Top of SOURCE MATERIAL
(* Let $\rho>e^q$, $0<T<T_{\max}$ and let $(A_t)$ be a Delaunay residue family. There exist $e^q<R<\rho$ and $0<T'<T$ such that for all $t\in(-T',T')$, $A_t=H_tD_tH_t^{-1}$ with $H_t\in\Lambda\mathrm{SU}(2)_R$, $D_t$ diagonal and $iD_t\in\Lambda\mathfrak{su}(2)_R$. Moreover $H_t$ and $D_t$ depend smoothly on $t$.
   Context: Fix $H>1$, $q=\operatorname{arcoth}H$. For $\rho>1$ and a matrix group or algebra $G$, $\Lambda G_\rho$ is the set of smooth maps $f:\mathbb S^1\to G$ whose Fourier expansion $f=\sum_{i}f_i\lambda^i$ satisfies $\|f\|_\rho=\sum_i|f_i|\rho^{|i|}<\infty$ (Frobenius norm $|\cdot|$). For $r,s\in\mathbb R$ let $A_{r,s}(\lambda)=\begin{pmatrix}0&r\lambda^{-1}+s\\ r\lambda+s&0\end{pmatrix}$ and $T_{\max}=\frac{\tanh(q/2)}{2}$. A Delaunay residue family is $A_t=A_{r(t),s(t)}$ where $r,s$ are continuous real functions of $t<T_{\max}$ with $r^2+s^2+2rs\cosh q=\frac14$ and $4rs\sinh q=t$, and either $(r(0),s(0))=(\frac12,0)$, $r>s$ (spherical family) or $(r(0),s(0))=(0,\frac12)$, $r<s$ (catenoidal family). *)

theory Defs
  imports "HOL-Analysis.Analysis"
begin

definition arcoth :: "real \<Rightarrow> real" where
  "arcoth x = ln ((x + 1) / (x - 1)) / 2"

definition Tmax :: "real \<Rightarrow> real" where
  "Tmax q = tanh (q / 2) / 2"

type_synonym mat2 = "complex^2^2"

text \<open>A loop is represented by its Fourier coefficients f_i (i ranging over the integers).\<close>
type_synonym loop = "int \<Rightarrow> mat2"

definition loop_eval :: "loop \<Rightarrow> complex \<Rightarrow> mat2" where
  "loop_eval f z = (\<chi> a b. (\<Sum>\<^sub>\<infinity>i. (f i $ a $ b) * z powi i))"

definition rho_norm :: "real \<Rightarrow> loop \<Rightarrow> real" where
  "rho_norm R f = (\<Sum>\<^sub>\<infinity>i. norm (f i) * R ^ nat \<bar>i\<bar>)"

definition in_Lambda :: "real \<Rightarrow> loop \<Rightarrow> bool" where
  "in_Lambda R f \<longleftrightarrow> (\<lambda>i. norm (f i) * R ^ nat \<bar>i\<bar>) summable_on UNIV"

definition adjoint2 :: "mat2 \<Rightarrow> mat2" where
  "adjoint2 M = (\<chi> a b. cnj (M $ b $ a))"

definition SU2 :: "mat2 set" where
  "SU2 = {M. M ** adjoint2 M = mat 1 \<and> det M = 1}"

definition su2 :: "mat2 set" where
  "su2 = {X. X + adjoint2 X = 0 \<and> trace X = 0}"

definition is_diagonal :: "mat2 \<Rightarrow> bool" where
  "is_diagonal M \<longleftrightarrow> (\<forall>a b. a \<noteq> b \<longrightarrow> M $ a $ b = 0)"

definition LambdaSU2 :: "real \<Rightarrow> loop set" where
  "LambdaSU2 R = {f. in_Lambda R f \<and> (\<forall>z. cmod z = 1 \<longrightarrow> loop_eval f z \<in> SU2)}"

definition Lambdasu2 :: "real \<Rightarrow> loop set" where
  "Lambdasu2 R = {f. in_Lambda R f \<and> (\<forall>z. cmod z = 1 \<longrightarrow> loop_eval f z \<in> su2)}"

definition A_rs :: "real \<Rightarrow> real \<Rightarrow> complex \<Rightarrow> mat2" where
  "A_rs r s z = (\<chi> a b. if a = 1 \<and> b = 2 then of_real r * inverse z + of_real s
                        else if a = 2 \<and> b = 1 then of_real r * z + of_real s else 0)"

definition delaunay_residue_family :: "real \<Rightarrow> (real \<Rightarrow> real) \<Rightarrow> (real \<Rightarrow> real) \<Rightarrow> bool" where
  "delaunay_residue_family q r s \<longleftrightarrow>
     continuous_on {..<Tmax q} r \<and> continuous_on {..<Tmax q} s \<and>
     (\<forall>t < Tmax q. (r t)\<^sup>2 + (s t)\<^sup>2 + 2 * r t * s t * cosh q = 1/4 \<and> 4 * r t * s t * sinh q = t) \<and>
     ((r 0 = 1/2 \<and> s 0 = 0 \<and> (\<forall>t < Tmax q. r t > s t)) \<or>
      (r 0 = 0 \<and> s 0 = 1/2 \<and> (\<forall>t < Tmax q. r t < s t)))"

definition loop_has_deriv :: "real \<Rightarrow> (real \<Rightarrow> loop) \<Rightarrow> (real \<Rightarrow> loop) \<Rightarrow> real \<Rightarrow> bool" where
  "loop_has_deriv R F F' t \<longleftrightarrow>
     ((\<lambda>h. rho_norm R (\<lambda>i. (1 / h) *\<^sub>R (F (t + h) i - F t i) - F' t i)) \<longlongrightarrow> 0) (at 0)"

definition loop_smooth_on :: "real \<Rightarrow> real set \<Rightarrow> (real \<Rightarrow> loop) \<Rightarrow> bool" where
  "loop_smooth_on R I F \<longleftrightarrow>
     (\<exists>Fs :: nat \<Rightarrow> real \<Rightarrow> loop. (\<forall>t\<in>I. Fs 0 t = F t) \<and>
        (\<forall>k. \<forall>t\<in>I. in_Lambda R (Fs k t) \<and> loop_has_deriv R (Fs k) (Fs (Suc k)) t))"

end

theory Submission
  imports Defs
begin

text \<open>On the unit circle \<open>A(\<lambda>) = [[0, w\<^sup>*], [w, 0]]\<close> with \<open>w = r\<lambda> + s\<close>, so it is
  diagonalised by an explicit unitary matrix \<open>H\<close>, built from \<open>w / |w|\<close>, with
  \<open>D = diag(|w|, -|w|)\<close>. The residue equations give
  \<open>|w|\<^sup>2 = (1 + t (\<lambda> + \<lambda>\<^sup>-\<^sup>1 - 2 cosh q) / sinh q) / 4\<close> and express \<open>r, s\<close> through square roots
  of affine functions of \<open>t\<close>. Expanding \<open>|w|\<^sup>\<plusminus>\<^sup>1\<close> by the binomial series and \<open>r, s\<close> by
  their Taylor series writes every entry of \<open>H\<close> and \<open>D\<close> as a power series \<open>\<Sum> t\<^sup>n C\<^sub>n\<close>
  whose coefficients are Laurent polynomials in \<open>\<lambda>\<close> with \<open>\<parallel>C\<^sub>n\<parallel>\<^sub>R\<close> growing at most
  geometrically. For small \<open>|t|\<close> these series, and all their termwise derivatives, converge in
  \<open>\<Lambda>\<^sub>R\<close>; this gives both the factorization and the smoothness in \<open>t\<close>.\<close>

section \<open>Power series in \<open>t\<close> with coefficients in \<open>\<Lambda>\<^sub>R\<close>\<close>

text \<open>A coefficient array \<open>C\<close> describes the family of loops \<open>t \<mapsto> \<Sum>\<^sub>n t^n C\<^sub>n\<close>, where
  \<open>C n i\<close> is the \<open>i\<close>-th Fourier coefficient of \<open>C\<^sub>n\<close>. \<open>powser_in_Lambda R d C\<close> says that
  this series converges absolutely in the norm \<open>\<parallel>\<cdot>\<parallel>\<^sub>R\<close> for \<open>\<bar>t\<bar> < d\<close>.\<close>

definition powser_eval :: "(nat \<Rightarrow> int \<Rightarrow> 'a::real_normed_vector) \<Rightarrow> real \<Rightarrow> int \<Rightarrow> 'a" where
  "powser_eval C t i = (\<Sum>\<^sub>\<infinity>n. t ^ n *\<^sub>R C n i)"

definition powser_in_Lambda :: "real \<Rightarrow> real \<Rightarrow> (nat \<Rightarrow> int \<Rightarrow> 'a::real_normed_vector) \<Rightarrow> bool" where
  "powser_in_Lambda R d C \<longleftrightarrow> (\<forall>\<rho>. 0 \<le> \<rho> \<and> \<rho> < d \<longrightarrow>
     (\<lambda>(n, i). norm (C n i) * R ^ nat \<bar>i\<bar> * \<rho> ^ n) summable_on UNIV)"

definition powser_deriv :: "(nat \<Rightarrow> int \<Rightarrow> 'a::real_normed_vector) \<Rightarrow> nat \<Rightarrow> int \<Rightarrow> 'a" where
  "powser_deriv C n i = real (Suc n) *\<^sub>R C (Suc n) i"

lemma powser_in_LambdaD:
  "powser_in_Lambda R d C \<Longrightarrow> 0 \<le> \<rho> \<Longrightarrow> \<rho> < d \<Longrightarrow>
     (\<lambda>(n, i). norm (C n i) * R ^ nat \<bar>i\<bar> * \<rho> ^ n) summable_on UNIV"
  unfolding powser_in_Lambda_def by auto

lemma summable_on_pair_column:
  fixes f :: "'a \<times> 'b \<Rightarrow> real"
  assumes "f summable_on UNIV"
  shows "(\<lambda>x. f (x, y)) summable_on UNIV" and "(\<lambda>y. \<Sum>\<^sub>\<infinity>x. f (x, y)) summable_on UNIV"
proof -
  have swapped: "(\<lambda>(y, x). f (x, y)) summable_on UNIV \<times> UNIV"
    using assms summable_on_swap[of f UNIV UNIV] by (simp add: case_prod_unfold)
  show "(\<lambda>x. f (x, y)) summable_on UNIV"
    using summable_on_SigmaD1[of "\<lambda>y x. f (x, y)" UNIV "\<lambda>_. UNIV"] swapped by auto
  show "(\<lambda>y. \<Sum>\<^sub>\<infinity>x. f (x, y)) summable_on UNIV"
    using summable_on_Sigma_banach[of "\<lambda>y x. f (x, y)" UNIV "\<lambda>_. UNIV"] swapped by auto
qed

lemma linear_times_power_bounded:
  fixes a b :: real
  assumes "0 \<le> a" "a < b"
  obtains K where "\<And>n. real n * a ^ n \<le> K * b ^ n"
proof -
  have "(\<lambda>n. real n * (a / b) ^ n) \<longlonglongrightarrow> 0"
    using powser_times_n_limit_0[of "a / b"] assms by simp
  then have "Bseq (\<lambda>n. real n * (a / b) ^ n)"
    by (rule convergent_imp_Bseq[OF convergentI])
  then obtain K where K: "\<And>n. norm (real n * (a / b) ^ n) \<le> K"
    by (auto simp: Bseq_def)
  have "real n * a ^ n \<le> K * b ^ n" for n
  proof -
    have "real n * a ^ n = real n * (a / b) ^ n * b ^ n"
      using assms by (simp add: power_divide)
    also have "\<dots> \<le> K * b ^ n"
      using K[of n] assms by (intro mult_right_mono) auto
    finally show ?thesis .
  qed
  then show ?thesis by (rule that)
qed

lemma quadratic_times_power_bounded:
  fixes a b :: real
  assumes "0 < a" "a < b"
  obtains K where "\<And>n. real n * real (n - 1) * a ^ (n - 2) \<le> K * b ^ n"
proof -
  define c where "c = (a + b) / 2"
  have c: "a < c" "c < b" using assms unfolding c_def by auto
  obtain K1 where K1: "\<And>n. real n * a ^ n \<le> K1 * c ^ n"
    using linear_times_power_bounded[of a c] assms c by auto
  obtain K2 where K2: "\<And>n. real n * c ^ n \<le> K2 * b ^ n"
    using linear_times_power_bounded[of c b] assms c by auto
  have "0 < K1 * c"
    using K1[of 1] assms by simp
  then have K1_nonneg: "K1 \<ge> 0"
    using assms c by (simp add: zero_less_mult_iff)
  have "real n * real (n - 1) * a ^ (n - 2) \<le> (K1 * K2 / a\<^sup>2) * b ^ n" for n
  proof (cases "n < 2")
    case True
    then show ?thesis
      using K1_nonneg K2[of 0] assms by (auto simp: less_2_cases_iff)
  next
    case False
    then have "a ^ n = a\<^sup>2 * a ^ (n - 2)"
      by (metis le_add_diff_inverse not_less power_add)
    then have "real n * real (n - 1) * a ^ (n - 2) \<le> real n * (real n * a ^ n) / a\<^sup>2"
      using assms by (simp add: field_simps mult_mono)
    also have "\<dots> \<le> real n * (K1 * c ^ n) / a\<^sup>2"
      using K1[of n] assms by (intro divide_right_mono mult_left_mono) auto
    also have "\<dots> = K1 * (real n * c ^ n) / a\<^sup>2"
      by simp
    also have "\<dots> \<le> K1 * (K2 * b ^ n) / a\<^sup>2"
      using K2[of n] K1_nonneg by (intro divide_right_mono mult_left_mono) auto
    finally show ?thesis
      by simp
  qed
  then show ?thesis by (rule that)
qed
Bottom of SOURCE MATERIAL
Among the entries, count the lines that hold "cdot". Reply with the count only.

(EXPECTED OUTPUT) 2